Low Profits Threaten Japanese Restaurant Chains' High Valuations, According to AlixPartners Study

NEW YORK, Oct. 30, 2014 (GLOBE NEWSWIRE) -- Capital markets currently place a high value on the top Japanese restaurant chains due to recent strong revenue growth. But a new study published today by AlixPartners, the global business-advisory firm, says these high evaluations may not last due to the chains' low profitability.

Eight of the top 10 listed restaurant chains by revenue in Japan are home-grown – only McDonald's and Starbucks rank alongside the likes of Zensho, Shidax and Watami in that regard. The top 10 chains achieved revenue growth of 7.2% in 2013, significantly larger than the 2.3% achieved by the overall Japan market. By way of comparison, in the same period the top 10 listed chains in the US achieved revenue growth of just 0.3% (based on their sales in the US market).

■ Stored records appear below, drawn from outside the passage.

lemma X_statistic_window:
  fixes \<phi> \<theta> \<delta> :: real
  defines "\<rho>\<^sub>0 \<equiv> (1 - (\<theta> - \<delta>)) / (\<theta> - \<delta>) * (\<phi> / (1 - \<phi>))"
  assumes \<phi>\<theta>: "0 < \<phi>" "\<phi> < \<theta>" "\<theta> < 1"
    and \<delta>: "0 < \<delta>" "\<delta> \<le> \<theta>/2" "\<delta> \<le> (1-\<theta>)/2" "\<delta> \<le> (\<theta>-\<phi>)/2"
  shows "eventually (\<lambda>n. \<forall>k\<le>n. \<bar>real k / real n - \<theta>\<bar> \<le> \<delta> \<longrightarrow>
     \<bar>X_statistic \<phi> \<theta> n (real k / real n)
       + sqrt (real n) * (- (1/(\<theta>-\<phi>) - 1/(2*\<theta>) - 1/(2*(1-\<theta>)))) * (real k / real n - \<theta>)\<bar>
     \<le> (2/(\<theta>-\<phi>)^2 + 1/\<theta>^2 + 1/(1-\<theta>)^2) * sqrt (real n) * (real k / real n - \<theta>)^2
       + sqrt (real n) * ((2/real n + 4/(\<theta>*real n) + 4/((1-\<theta>)*real n))
         + (4 * real n powr (1/4) / (\<theta> * (1 - \<theta>) * real n) / (1 - \<rho>\<^sub>0)
           + 2 * \<rho>\<^sub>0 powr (real n powr (1/4))))) sequentially"
proof -
  have \<theta>: "0 < \<theta>" "0 < 1 - \<theta>" using \<phi>\<theta> by auto
  have t\<^sub>0: "0 < \<phi>" "\<phi> < \<theta> - \<delta>" "\<theta> - \<delta> < 1" using \<phi>\<theta> \<delta> by auto
  have \<rho>\<^sub>0: "0 < \<rho>\<^sub>0" "\<rho>\<^sub>0 < 1" unfolding \<rho>\<^sub>0_def using odds_ratio_bounds[OF t\<^sub>0] by auto
  have "eventually (\<lambda>n. 2 \<le> \<theta> * real n \<and> 2 \<le> (1 - \<theta>) * real n
      \<and> real n powr (1/4) \<le> (1 - \<theta>) * real n / 2
      \<and> 4 * real n powr (1/4) / (\<theta> * (1 - \<theta>) * real n) \<le> 1
      \<and> \<rho>\<^sub>0 powr (real n powr (1/4)) \<le> 1/2) sequentially"
    using \<theta> \<rho>\<^sub>0 by (intro eventually_conj) real_asymp+
  then show ?thesis
  proof (rule eventually_mono, intro allI impI)
    fix n k assume large: "2 \<le> \<theta> * real n \<and> 2 \<le> (1 - \<theta>) * real n
      \<and> real n powr (1/4) \<le> (1 - \<theta>) * real n / 2
      \<and> 4 * real n powr (1/4) / (\<theta> * (1 - \<theta>) * real n) \<le> 1
      \<and> \<rho>\<^sub>0 powr (real n powr (1/4)) \<le> 1/2"
      and k: "k \<le> n" "\<bar>real k / real n - \<theta>\<bar> \<le> \<delta>"
    note counts = window_counts[OF \<theta>(1) \<phi>\<theta>(3) \<delta>(2,3) large[THEN conjunct1]
      large[THEN conjunct2, THEN conjunct1] k]
    define t where "t = real k / real n"
    have t: "\<theta> - \<delta> \<le> t" "\<phi> < t" "\<bar>t - \<theta>\<bar> \<le> \<theta>/2" "\<bar>t - \<theta>\<bar> \<le> (1-\<theta>)/2" "\<bar>t - \<theta>\<bar> \<le> (\<theta>-\<phi>)/2"
      using k(2) \<delta> t\<^sub>0 unfolding t_def by linarith+
    have n0: "0 < n" using counts(4) by simp
    from large have "real n powr (1/4) \<le> (1 - \<theta>) * real n / 2"
      "4 * real n powr (1/4) / (\<theta> * (1 - \<theta>) * real n) \<le> 1"
      "\<rho>\<^sub>0 powr (real n powr (1/4)) \<le> 1/2" by auto
    from ln_binom_tail_window_error[OF t\<^sub>0 \<theta>(1) \<phi>\<theta>(3) counts(3,4) t(1)[unfolded t_def] counts(1,2)
        this(1,2) this(3)[unfolded \<rho>\<^sub>0_def]]
    have "\<bar>ln (P_X n t \<phi>) - ln (binom_term n \<phi> k) + ln (1 - real (n - k) / real k * (\<phi> / (1 - \<phi>)))\<bar>
      \<le> 4 * real n powr (1/4) / (\<theta> * (1 - \<theta>) * real n) / (1 - \<rho>\<^sub>0) + 2 * \<rho>\<^sub>0 powr (real n powr (1/4))"
      unfolding t_def P_X_lattice[OF n0] \<rho>\<^sub>0_def .
    note lin = ln_X_ratio_linearization[OF \<phi>\<theta> counts(3,4) t_def t(2-5) this]
    have "\<bar>X_statistic \<phi> \<theta> n t + sqrt (real n) * (- (1/(\<theta>-\<phi>) - 1/(2*\<theta>) - 1/(2*(1-\<theta>)))) * (t - \<theta>)\<bar>
        = sqrt (real n) * \<bar>ln ((\<theta> - \<phi>) / (1 - \<phi>) * sqrt (2 * pi * (1 - \<theta>) / \<theta>) * (sqrt (real n) * P_X n t \<phi>) / P_CH n t \<phi>)
          + (1/(\<theta>-\<phi>) - 1/(2*\<theta>) - 1/(2*(1-\<theta>))) * (t - \<theta>)\<bar>"
      unfolding X_statistic_def by (rule abs_neg_sqrt_mult_add)
    also have "\<dots> \<le> sqrt (real n) * ((2/(\<theta>-\<phi>)^2 + 1/\<theta>^2 + 1/(1-\<theta>)^2) * (t - \<theta>)^2
        + ((2/real n + 4/(\<theta>*real n) + 4/((1-\<theta>)*real n))
         + (4 * real n powr (1/4) / (\<theta> * (1 - \<theta>) * real n) / (1 - \<rho>\<^sub>0)
           + 2 * \<rho>\<^sub>0 powr (real n powr (1/4)))))"
      using lin counts(5) by (intro mult_left_mono) auto
    finally show "\<bar>X_statistic \<phi> \<theta> n t
       + sqrt (real n) * (- (1/(\<theta>-\<phi>) - 1/(2*\<theta>) - 1/(2*(1-\<theta>)))) * (t - \<theta>)\<bar>
     \<le> (2/(\<theta>-\<phi>)^2 + 1/\<theta>^2 + 1/(1-\<theta>)^2) * sqrt (real n) * (t - \<theta>)^2
       + sqrt (real n) * ((2/real n + 4/(\<theta>*real n) + 4/((1-\<theta>)*real n))
         + (4 * real n powr (1/4) / (\<theta> * (1 - \<theta>) * real n) / (1 - \<rho>\<^sub>0)
           + 2 * \<rho>\<^sub>0 powr (real n powr (1/4))))"
      by (simp add: algebra_simps)
  qed
qed

context bernoulli_sequence
begin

But in the same period the Japanese chains' EBITDA margins were 6.9% on average, compared to 20.4% for the top 10 listed chains in the US (based on their US operations). The study notes that the Japanese players are small relative to the US chains, and with slim profit margins need to simultaneously pursue growth and reduce costs.

"Japanese restaurant chains are popular with investors, but unless profitability improves this situation may not last, says the study. We believe these chains must consider more economies of scale to improve their situation," AlixPartners Managing Director and Co-Japan Representative Masahiko Fukasawa said.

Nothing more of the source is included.